The incident last week began when the child was pursued by nine officers who were called to a report of “family trouble”, the Associated Press reported.
At a press conference on Saturday, Rochester Police Department alleged that officers were “required” to restrain the child on the floor because she had kicked at them, and refused to get into a patrol car. They then administered the spray.
“For the minor’s safety and at the request of the custodial parent on scene,” the child was handcuffed and put in the back of a police car as they waited for an ambulance to arrive, the department added.
At Sunday’s news conference, Police Chief Cynthia Herriott-Sullivan described the irritant as pepper spray and declined to defend the officers’ actions.

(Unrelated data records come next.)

lemma weighted_cube:
  fixes E :: "'a::euclidean_space set"
  assumes Aw: "A_infty w Cw \<delta>" and \<delta>: "0 < \<delta>" "\<delta> \<le> 1" and Cw: "Cw > 0"
    and K: "K \<ge> 0" and u: "u \<ge> 0" and E: "E \<in> sets lebesgue"
    and bound: "measure lebesgue (E \<inter> dcube m x0) \<le> K * u * measure lebesgue (dcube m x0)"
  shows "wmeasure w (E \<inter> dcube m x0) \<le> ennreal (max 1 K * Cw * u powr \<delta>) * wmeasure w (dcube m x0)"
proof -
  define B where "B = cube (dcorner m x0) (2 powr m)"
  have B: "B \<subseteq> dcube m x0" "measure lebesgue B = measure lebesgue (dcube m x0)"
    using cube_sub_dcube by (auto simp: B_def measure_cube measure_dcube)
  have "E \<inter> dcube m x0 \<in> fmeasurable lebesgue"
    by (rule fmeasurableI2[of "dcube m x0"]) (use E in \<open>auto simp: fmeasurable_def emeasure_dcube\<close>)
  then have "measure lebesgue (E \<inter> B) \<le> measure lebesgue (E \<inter> dcube m x0)"
    using B E by (intro measure_mono_fmeasurable) (auto simp: B_def)
  then have "measure lebesgue (E \<inter> B) / measure lebesgue B \<le> K * u"
    using bound B by (simp add: divide_le_eq measure_dcube mult.commute)
  then have "(measure lebesgue (E \<inter> B) / measure lebesgue B) powr \<delta> \<le> max 1 K * u powr \<delta>"
    by (intro powr_const_bound[OF K u _ _ \<delta>]) simp_all
  then have ratio: "Cw * (measure lebesgue (E \<inter> B) / measure lebesgue B) powr \<delta> \<le> max 1 K * Cw * u powr \<delta>"
    using Cw by (simp add: algebra_simps)
  have "wmeasure w (E \<inter> dcube m x0) \<le> wmeasure w (E \<inter> B)"
    unfolding B_def by (rule wmeasure_dcube_le_cube)
  also have "\<dots> \<le> ennreal (Cw * (measure lebesgue (E \<inter> B) / measure lebesgue B) powr \<delta>) * wmeasure w B"
    unfolding B_def using E by (intro A_infty_cube[OF Aw]) auto
  also have "\<dots> \<le> ennreal (max 1 K * Cw * u powr \<delta>) * wmeasure w (dcube m x0)"
    by (rule mult_mono[OF ennreal_leI[OF ratio] wmeasure_mono[OF B(1)]]) simp_all
  finally show ?thesis .
qed

section \<open>Maximal dyadic cubes\<close>

definition maximal_dcubes :: "'a::euclidean_space set \<Rightarrow> 'a set set" where
  "maximal_dcubes \<Omega> = {dcube m x | m x. dcube m x \<subseteq> \<Omega> \<and> \<not> dcube (m+1) x \<subseteq> \<Omega>}"

lemma maximal_dcubes_countable: "countable (maximal_dcubes \<Omega>)"
  unfolding maximal_dcubes_def by (rule countable_subset[OF _ dyadic_countable]) auto

lemma maximal_dcubes_sets: "Q \<in> maximal_dcubes \<Omega> \<Longrightarrow> Q \<in> sets lebesgue"
  unfolding maximal_dcubes_def by auto

lemma maximal_dcube_unique:
  assumes max: "\<not> dcube (m1+1) x1 \<subseteq> \<Omega>" and sub: "dcube m2 x2 \<subseteq> \<Omega>"
    and z: "z \<in> dcube m1 x1" "z \<in> dcube m2 x2" and le: "m1 \<le> m2"
  shows "dcube m1 x1 = dcube m2 x2"
proof -
  have same_as_z: "dcube k x = dcube k z" if "z \<in> dcube j x" "j \<le> k" for j k x
    using that dcube_mono[of j k x] by (metis dcube_eq subsetD)
  have "m1 = m2"
  proof (rule ccontr)
    assume "m1 \<noteq> m2"
    then have "m1 + 1 \<le> m2" using le by simp
    then have "dcube (m1+1) x1 \<subseteq> dcube m2 z"
      using same_as_z[OF z(1), of "m1+1"] dcube_mono[of "m1+1" m2 z] by simp
    then show False using max sub same_as_z[OF z(2) order_refl] by simp
  qed
  then show ?thesis using same_as_z[OF z(1) order_refl] same_as_z[OF z(2) order_refl] by simp
qed

lemma maximal_dcubes_disjoint: "disjoint (maximal_dcubes \<Omega>)"
  unfolding disjoint_def
proof (intro ballI impI)
  fix Q1 Q2 assume Q: "Q1 \<in> maximal_dcubes \<Omega>" "Q2 \<in> maximal_dcubes \<Omega>" and ne: "Q1 \<noteq> Q2"
  obtain m1 x1 where q1: "Q1 = dcube m1 x1" "dcube m1 x1 \<subseteq> \<Omega>" "\<not> dcube (m1+1) x1 \<subseteq> \<Omega>"
    using Q(1) unfolding maximal_dcubes_def by blast
  obtain m2 x2 where q2: "Q2 = dcube m2 x2" "dcube m2 x2 \<subseteq> \<Omega>" "\<not> dcube (m2+1) x2 \<subseteq> \<Omega>"
    using Q(2) unfolding maximal_dcubes_def by blast
  show "Q1 \<inter> Q2 = {}"
  proof (rule ccontr)
    assume "Q1 \<inter> Q2 \<noteq> {}"
    then obtain z where "z \<in> dcube m1 x1" "z \<in> dcube m2 x2" using q1 q2 by blast
    then have "dcube m1 x1 = dcube m2 x2"
      using maximal_dcube_unique[of m1 x1 \<Omega> m2 x2] maximal_dcube_unique[of m2 x2 \<Omega> m1 x1] q1 q2
      by (cases "m1 \<le> m2") auto
    then show False using ne q1 q2 by simp
  qed
qed

lemma big_dcube_not_sub:
  fixes \<Omega> :: "'a::euclidean_space set"
  assumes \<Omega>: "\<Omega> \<in> sets lebesgue" "emeasure lebesgue \<Omega> < \<infinity>"
  shows "\<exists>j. \<not> dcube j x \<subseteq> \<Omega>"
proof -
  define M where "M = enn2real (emeasure lebesgue \<Omega>)"
  have M: "emeasure lebesgue \<Omega> = ennreal M" "M \<ge> 0"
    using \<Omega>(2) unfolding M_def by (auto simp: ennreal_enn2real_if less_top)
  define j where "j = \<lceil>log 2 (M + 1)\<rceil>"
  have "M + 1 = 2 powr (log 2 (M + 1))" using M by simp
  also have "\<dots> \<le> 2 powr (real_of_int j)" unfolding j_def by (intro powr_mono) auto
  also have "\<dots> \<le> (2 powr (real_of_int j)) ^ DIM('a)"
    using calculation M by (intro self_le_power) (auto simp: DIM_positive)
  finally have "emeasure lebesgue \<Omega> < emeasure lebesgue (dcube j x)"
    using M by (simp add: emeasure_dcube ennreal_lessI)
  then show ?thesis using emeasure_mono[of "dcube j x" \<Omega> lebesgue] \<Omega>(1) by (auto simp: not_le[symmetric])
qed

“I’m not going to stand here and tell you that for a nine-year-old to have to be pepper-sprayed is OK. It’s not,” said the police chief.
“I don’t see that as who we are as a department, and we’re going to do the work we have to do to ensure that these kinds of things don’t happen,” she added.
The girl was eventually taken to Rochester General Hospital, “where she received the services and care that she needed,” before being released to her family the police said.
Rochester’s police department has come under fire since the death of Daniel Prude last year after officers put a hood over the black man’s head and pressed his face into the pavement.